_WHAT YOU ARE ASKED TO DO_
For every line that contains the string "blast", pull that line out of the material below.

Segment Open

(* Let $A\in\mathbb C^{m\times n}$ with $m<n$ have full rank. For every $1\le q\le\infty$, $A^\dagger\in\mathrm{ginv}_{\mathrm{col}(2,q)}(A)$ and $A^\dagger\in\mathrm{pginv}_{\mathrm{col}(2,q)}(A)$. For $1\le q<\infty$ both sets equal $\{A^\dagger\}$. For $q=\infty$ they need not be singletons: there exist full-rank $A$ for which $\mathrm{ginv}_{\mathrm{col}(2,\infty)}(A)$ contains elements other than $A^\dagger$ (e.g. $A=\begin{bmatrix}\eta^{-1}&0&0\\0&1&0\end{bmatrix}$ with $0<\eta<1$), and full-rank $A$ for which $\mathrm{pginv}_{\mathrm{col}(2,\infty)}(A)$ contains elements other than $A^\dagger$.
   Context: For $M$ with columns $m_j$: $\|M\|_{\mathrm{col}(p,q)}=(\sum_j\|m_j\|_p^q)^{1/q}$ (maximum over $j$ for $q=\infty$). $\mathcal G(A)=\{X:AX=I_m\}$; $\mathrm{ginv}_\nu(A)=\arg\min_{X\in\mathcal G(A)}\|X\|_\nu$, $\mathrm{pginv}_\nu(A)=\arg\min_{X\in\mathcal G(A)}\|XA\|_\nu$ (sets). $A^\dagger=A^H(AA^H)^{-1}$. *)

theory Defs
  imports "Jordan_Normal_Form.DL_Rank" "HOL-Library.Extended_Real"
begin

definition adj :: "complex mat \<Rightarrow> complex mat" where
  "adj A = mat (dim_col A) (dim_row A) (\<lambda>(i,j). cnj (A $$ (j,i)))"

definition col_norm2 :: "complex mat \<Rightarrow> nat \<Rightarrow> real" where
  "col_norm2 M j = sqrt (\<Sum>i<dim_row M. (cmod (M $$ (i,j)))\<^sup>2)"

text \<open>Mixed column norm col(2,q), q in [1,infinity]; for q = infinity the maximum
  over the columns (0 for a matrix without columns).\<close>
definition colnorm :: "ereal \<Rightarrow> complex mat \<Rightarrow> real" where
  "colnorm q M = (if q = \<infinity> then Max (insert 0 ((col_norm2 M) ` {..<dim_col M}))
                 else (\<Sum>j<dim_col M. col_norm2 M j powr real_of_ereal q) powr (1 / real_of_ereal q))"

definition ginvs :: "complex mat \<Rightarrow> complex mat set" where
  "ginvs A = {X. X \<in> carrier_mat (dim_col A) (dim_row A) \<and> A * X = 1\<^sub>m (dim_row A)}"

definition ginv :: "ereal \<Rightarrow> complex mat \<Rightarrow> complex mat set" where
  "ginv q A = {X \<in> ginvs A. \<forall>Y \<in> ginvs A. colnorm q X \<le> colnorm q Y}"

definition pginv :: "ereal \<Rightarrow> complex mat \<Rightarrow> complex mat set" where
  "pginv q A = {X \<in> ginvs A. \<forall>Y \<in> ginvs A. colnorm q (X * A) \<le> colnorm q (Y * A)}"

text \<open>Moore-Penrose pseudoinverse A^H (A A^H)^{-1} (for full row rank A).\<close>
definition pinv :: "complex mat \<Rightarrow> complex mat" where
  "pinv A = adj A * (THE B. B \<in> carrier_mat (dim_row A) (dim_row A) \<and>
        A * adj A * B = 1\<^sub>m (dim_row A) \<and> B * (A * adj A) = 1\<^sub>m (dim_row A))"

definition full_row_rank :: "complex mat \<Rightarrow> bool" where
  "full_row_rank A = (vec_space.rank (dim_row A) A = dim_row A)"

end

theory Submission
  imports Defs
begin

text \<open>Let \<open>A\<close> have full row rank and let \<open>X\<close> be any right inverse of \<open>A\<close>, so
  \<open>X = A\<^sup>+ + N\<close> with \<open>A N = 0\<close>. As \<open>A\<^sup>+ = A\<^sup>H (A A\<^sup>H)\<^sup>-\<^sup>1\<close> has its range in that
  of \<open>A\<^sup>H\<close>, which is orthogonal to the kernel of \<open>A\<close>, Pythagoras gives for every \<open>C\<close>
  and every column index \<open>j\<close>: \<open>\<parallel>(X C)\<^sub>j\<parallel>\<^sup>2 = \<parallel>(A\<^sup>+ C)\<^sub>j\<parallel>\<^sup>2 + \<parallel>(N C)\<^sub>j\<parallel>\<^sup>2\<close>.
  The norm col(2,q) is monotone in the column lengths, so \<open>A\<^sup>+ C\<close> is a minimiser; for
  \<open>q < \<infinity>\<close> it is strictly monotone in each column, so any minimiser has \<open>N C = 0\<close>.
  Taking \<open>C = I\<close> gives the claims about ginv, taking \<open>C = A\<close> and cancelling \<open>A\<close> with a right
  inverse those about pginv. For \<open>q = \<infinity>\<close> only the longest column matters, which leaves room
  to change the shorter ones: this is what the two examples exploit.\<close>

section \<open>Full row rank and right inverses\<close>

lemma (in vec_space) rank_eq_iff_surjective:
  assumes A: "A \<in> carrier_mat n nc"
  shows "rank A = n \<longleftrightarrow> (\<forall>y \<in> carrier_vec n. \<exists>x \<in> carrier_vec nc. A *\<^sub>v x = y)"
proof -
  have cols: "set (cols A) \<subseteq> carrier_vec n" using A cols_dim by blast
  have "rank A = n \<longleftrightarrow> span (set (cols A)) = carrier_vec n"
  proof
    assume r: "rank A = n"
    obtain S where S: "finite S" "maximal S (\<lambda>T. T \<subseteq> set (cols A) \<and> lin_indpt T)"
      using maximal_exists_superset[of "set (cols A)" "\<lambda>T. T \<subseteq> set (cols A) \<and> lin_indpt T" "{}"]
      by (auto simp: lin_dep_def)
    have S_indpt: "S \<subseteq> set (cols A)" "lin_indpt S" using S(2) unfolding maximal_def by auto
    have "basis S"
      using rank_card_indpt[OF A S(2)] r S(1) S_indpt cols dim_is_n fin_dim by (intro dim_li_is_basis) auto
    then have "carrier_vec n = span S" unfolding basis_def by auto
    also have "\<dots> \<subseteq> span (set (cols A))" using span_is_monotone S_indpt(1) by metis
    finally show "span (set (cols A)) = carrier_vec n" using cols span_is_subset2 by auto
  next
    assume "span (set (cols A)) = carrier_vec n"
    then have "span_vs (set (cols A)) = V" by simp
    then show "rank A = n" unfolding rank_def using dim_is_n by simp
  qed
  also have "\<dots> \<longleftrightarrow> (\<forall>y \<in> carrier_vec n. \<exists>x \<in> carrier_vec nc. A *\<^sub>v x = y)"
    using col_space_eq[OF A] A unfolding col_space_def by auto
  finally show ?thesis .
qed

lemma full_row_rank_iff_right_inverse:
  assumes A: "A \<in> carrier_mat m n"
  shows "full_row_rank A \<longleftrightarrow> (\<exists>R \<in> carrier_mat n m. A * R = 1\<^sub>m m)"
proof
  assume "full_row_rank A"
  then have "\<forall>j<m. \<exists>x \<in> carrier_vec n. A *\<^sub>v x = unit_vec m j"
    using vec_space.rank_eq_iff_surjective[OF A] A unfolding full_row_rank_def by auto
  then obtain x where x: "\<And>j. j < m \<Longrightarrow> x j \<in> carrier_vec n \<and> A *\<^sub>v x j = unit_vec m j"
    by metis
  define R where "R = mat n m (\<lambda>(i, j). x j $ i)"
  have "A * R = 1\<^sub>m m"
  proof (rule eq_matI)
    fix i j assume i: "i < dim_row (1\<^sub>m m)" and j: "j < dim_col (1\<^sub>m m)"
    have "col R j = x j" using x[of j] j unfolding R_def by (intro eq_vecI) auto
    then have "(A * R) $$ (i, j) = (A *\<^sub>v x j) $ i" using i j A unfolding R_def by simp
    then show "(A * R) $$ (i, j) = 1\<^sub>m m $$ (i, j)" using x[of j] i j by simp
  qed (use A in \<open>auto simp: R_def\<close>)
  then show "\<exists>R \<in> carrier_mat n m. A * R = 1\<^sub>m m" unfolding R_def by auto
next
  assume "\<exists>R \<in> carrier_mat n m. A * R = 1\<^sub>m m"
  then obtain R where R: "R \<in> carrier_mat n m" "A * R = 1\<^sub>m m" by blast
  have "A *\<^sub>v (R *\<^sub>v y) = y" if "y \<in> carrier_vec m" for y
    using A R that by (metis assoc_mult_mat_vec one_mult_mat_vec)
  then show "full_row_rank A"
    using vec_space.rank_eq_iff_surjective[OF A] A R unfolding full_row_rank_def
    by (metis carrier_matD(1) mult_mat_vec_carrier)
qed

section \<open>Conjugate transpose and the Hermitian inner product\<close>

lemma adj_carrier [simp]: "A \<in> carrier_mat m n \<Longrightarrow> adj A \<in> carrier_mat n m"
  and dim_row_adj [simp]: "dim_row (adj A) = dim_col A"
  and dim_col_adj [simp]: "dim_col (adj A) = dim_row A"
  and index_adj [simp]: "i < dim_col A \<Longrightarrow> j < dim_row A \<Longrightarrow> adj A $$ (i, j) = cnj (A $$ (j, i))"
  by (auto simp: adj_def)

lemma adj_one [simp]: "adj (1\<^sub>m n) = 1\<^sub>m n"
  by (rule eq_matI) (auto simp: adj_def)

lemma adj_mult:
  assumes A: "A \<in> carrier_mat m n" and B: "B \<in> carrier_mat n p"
  shows "adj (A * B) = adj B * adj A"
  using A B by (intro eq_matI) (auto simp: scalar_prod_def mult.commute intro!: sum.cong)

definition cinner :: "complex vec \<Rightarrow> complex vec \<Rightarrow> complex" where
  "cinner v w = (\<Sum>i<dim_vec v. cnj (v $ i) * w $ i)"

definition sq_norm_vec :: "complex vec \<Rightarrow> real" where
  "sq_norm_vec v = (\<Sum>i<dim_vec v. (cmod (v $ i))\<^sup>2)"

lemma cinner_zero_right [simp]: "v \<in> carrier_vec n \<Longrightarrow> cinner v (0\<^sub>v n) = 0"
  by (simp add: cinner_def)

lemma cinner_adj_mult_mat_vec:
  assumes M: "M \<in> carrier_mat m n" and w: "w \<in> carrier_vec m" and u: "u \<in> carrier_vec n"
  shows "cinner (adj M *\<^sub>v w) u = cinner w (M *\<^sub>v u)"
proof -
  have "cinner w (M *\<^sub>v u) = (\<Sum>k<m. \<Sum>i<n. cnj (w $ k) * M $$ (k, i) * u $ i)"
    using M w u by (auto simp: cinner_def scalar_prod_def atLeast0LessThan sum_distrib_left
        mult.assoc intro!: sum.cong)
  also have "\<dots> = (\<Sum>i<n. \<Sum>k<m. cnj (w $ k) * M $$ (k, i) * u $ i)"
    by (rule sum.swap)
  also have "\<dots> = cinner (adj M *\<^sub>v w) u"
    using M w u by (auto simp: cinner_def scalar_prod_def atLeast0LessThan
        sum_distrib_left sum_distrib_right mult.commute intro!: sum.cong)
  finally show ?thesis ..
qed

lemma sq_norm_vec_eq_Re_cinner: "sq_norm_vec v = Re (cinner v v)"
  unfolding sq_norm_vec_def cinner_def cmod_power2 by (simp add: power2_eq_square)

lemma sq_norm_vec_eq_0_iff:
  assumes "v \<in> carrier_vec n"
  shows "sq_norm_vec v = 0 \<longleftrightarrow> v = 0\<^sub>v n"
  using assms by (auto simp: sq_norm_vec_def sum_nonneg_eq_0_iff vec_eq_iff)

lemma sq_norm_vec_add_orthogonal:
  assumes v: "v \<in> carrier_vec n" and w: "w \<in> carrier_vec n" and orth: "cinner v w = 0"
  shows "sq_norm_vec (v + w) = sq_norm_vec v + sq_norm_vec w"
proof -
  have expand: "(cmod (a + b))\<^sup>2 = (cmod a)\<^sup>2 + (cmod b)\<^sup>2 + 2 * Re (cnj a * b)" for a b
    unfolding cmod_power2 by (simp add: power2_eq_square algebra_simps)
  have "sq_norm_vec (v + w) = (\<Sum>i<n. (cmod (v $ i))\<^sup>2 + (cmod (w $ i))\<^sup>2 + 2 * Re (cnj (v $ i) * w $ i))"
    using v w by (simp add: sq_norm_vec_def expand)
  also have "\<dots> = sq_norm_vec v + sq_norm_vec w + 2 * Re (cinner v w)"
    using v w by (simp add: sq_norm_vec_def cinner_def sum.distrib sum_distrib_left)
  finally show ?thesis using orth by simp
qed

lemma col_norm2_sq: "j < dim_col M \<Longrightarrow> (col_norm2 M j)\<^sup>2 = sq_norm_vec (col M j)"
  by (simp add: col_norm2_def sq_norm_vec_def sum_nonneg)

section \<open>The pseudoinverse\<close>

lemma ginvs_iff: "A \<in> carrier_mat m n \<Longrightarrow> X \<in> ginvs A \<longleftrightarrow> X \<in> carrier_mat n m \<and> A * X = 1\<^sub>m m"
  by (simp add: ginvs_def)

lemma det_mult_adj_neq_0:
  assumes A: "A \<in> carrier_mat m n" and r: "full_row_rank A"
  shows "det (A * adj A) \<noteq> 0"
proof
  assume "det (A * adj A) = 0"
  then obtain v where v: "v \<in> carrier_vec m" "v \<noteq> 0\<^sub>v m" "(A * adj A) *\<^sub>v v = 0\<^sub>v m"
    using det_0_iff_vec_prod_zero_field[of "A * adj A" m] A by auto
  obtain R where R: "R \<in> carrier_mat n m" "A * R = 1\<^sub>m m"
    using r full_row_rank_iff_right_inverse[OF A] by blast
  define u where "u = adj A *\<^sub>v v"
  have u: "u \<in> carrier_vec n" using A v unfolding u_def by (metis adj_carrier mult_mat_vec_carrier)
  have "sq_norm_vec u = Re (cinner v (A *\<^sub>v u))"
    using cinner_adj_mult_mat_vec[OF A v(1) u] by (simp add: sq_norm_vec_eq_Re_cinner u_def)
  also have "A *\<^sub>v u = 0\<^sub>v m"
    using v(3) unfolding u_def assoc_mult_mat_vec[OF A adj_carrier[OF A] v(1)] .
  finally have "u = 0\<^sub>v n" using sq_norm_vec_eq_0_iff[OF u] v(1) by simp
  have "v = adj (A * R) *\<^sub>v v" using R(2) v(1) by simp
  also have "\<dots> = adj R *\<^sub>v u"
    unfolding u_def adj_mult[OF A R(1)] by (rule assoc_mult_mat_vec[OF adj_carrier[OF R(1)] adj_carrier[OF A] v(1)])
  finally show False using \<open>u = 0\<^sub>v n\<close> R(1) v(2) by (auto simp: vec_eq_iff scalar_prod_def)
qed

Segment Closed

_ANSWER SECTION_
  have cols: "set (cols A) \<subseteq> carrier_vec n" using A cols_dim by blast
  then obtain R where R: "R \<in> carrier_mat n m" "A * R = 1\<^sub>m m" by blast
    using r full_row_rank_iff_right_inverse[OF A] by blast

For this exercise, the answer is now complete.